The permanent radiance of Crosses
Deftones singer Chino Moreno and Far guitarist Shaun Lopez tells Steven Loftin about the romance of collaboration as they reunite side-project Crosses for their first collection of new music in almost a decade.
It’s just past six am when Chino Moreno and Shaun Lopez appear on my screen.
The pair – known as Crosses in this instance – are on separate sides of the globe. Moreno is currently down in Australia on duty with his day job in alt-icons Deftones, while Lopez is at his home studio in LA, lit up as if he’s commanding a spaceship with consoles of synths and wires. Opposing this, Moreno is currently submerged in brilliant sunlight, with shades and a fluorescent yellow beanie. This is all to say, they are incidentally currently embodying the physical form of their latest EP PERMANENT.RADIANT.
At once holding an oceanic crushing weight, while equally offering up rising hopefulness, it opposes their 2014 self-titled debut album which relished in its darkness. But these ebbing tides are what we’ve come to expect from this alt melting of the minds.
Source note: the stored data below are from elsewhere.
lemma Re_radial_derivative_ge_1:
  fixes \<omega> :: "complex \<Rightarrow> complex"
  assumes hol: "\<omega> holomorphic_on ball 0 1" and "\<omega> 0 = 0" and z0: "z0 \<in> ball 0 1"
    and inside: "\<And>z. cmod z < cmod z0 \<Longrightarrow> cmod (\<omega> z) < 1" and "cmod (\<omega> z0) = 1"
    and der: "(\<omega> has_field_derivative d) (at z0)"
  shows "1 \<le> Re (cnj (\<omega> z0) * z0 * d)"
proof -
  define c where "c = cnj (\<omega> z0)"
  define r where "r = cmod z0"
  have "c * \<omega> z0 = 1"
    unfolding c_def using \<open>cmod (\<omega> z0) = 1\<close> by (rule cnj_mult_self_eq_1)
  have "0 < r" "r < 1"
    using z0 \<open>\<omega> 0 = 0\<close> \<open>cmod (\<omega> z0) = 1\<close> by (auto simp: r_def)
  have "((\<lambda>t. \<omega> (z0 * t)) has_field_derivative d * z0) (at 1)"
    using DERIV_chain'[of "\<lambda>t. z0 * t" z0 1 UNIV \<omega> d] der
    by (auto intro!: derivative_eq_intros)
  then have "((\<lambda>t. c * \<omega> (z0 * t)) has_field_derivative c * z0 * d) (at (of_real 1))"
    by (auto intro!: derivative_eq_intros simp: ac_simps)
  then have "((\<lambda>t. Re (c * \<omega> (z0 * of_real t)) - t) has_real_derivative Re (c * z0 * d) - 1) (at 1)"
    by (intro DERIV_diff DERIV_ident has_field_derivative_Re has_vector_derivative_real_field)
  moreover have "Re (c * \<omega> (z0 * of_real t)) - t \<le> Re (c * \<omega> (z0 * of_real 1)) - 1"
    if "0 < t" "t < 1" for t
  proof -
    have "Re (c * \<omega> (z0 * of_real t)) \<le> cmod (\<omega> (z0 * of_real t))"
      using complex_Re_le_cmod[of "c * \<omega> (z0 * of_real t)"] \<open>cmod (\<omega> z0) = 1\<close>
      by (simp add: c_def norm_mult)
    also have "\<dots> \<le> cmod (z0 * of_real t) / r"
      using that \<open>0 < r\<close> \<open>r < 1\<close> \<open>\<omega> 0 = 0\<close>
      by (intro Schwarz_Lemma_ball[OF holomorphic_on_subset[OF hol]] inside)
         (auto simp: r_def norm_mult)
    finally show ?thesis
      using that \<open>0 < r\<close> \<open>c * \<omega> z0 = 1\<close> by (simp add: r_def norm_mult)
  qed
  ultimately show ?thesis
    using DERIV_nonneg_if_left_max[of _ "Re (c * z0 * d) - 1" 1 0] by (force simp: c_def)
qed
First coming to be in the late ‘90s when its respective members were in their formative bands (Lopez is guitarist in rockers Far), Crosses is emblematic of bottled lightning. With sporadic sessions here and there and studio visitations, between the two of them, a kinship soon formed while bonding over a shared love of ‘80s indie gloom. Eventually forming as a trio with producer Chuck Doom, the Crosses way of working is one of lucidity. “I feel like it's pretty open. There's never that worry of, oh, is this you know, is this too pop or is this too heavy for Crosses, or is this too experimental?” Lopez explains. “You know, I think it's just if we're in the room together, and what we're doing feels good to me, then it is good.”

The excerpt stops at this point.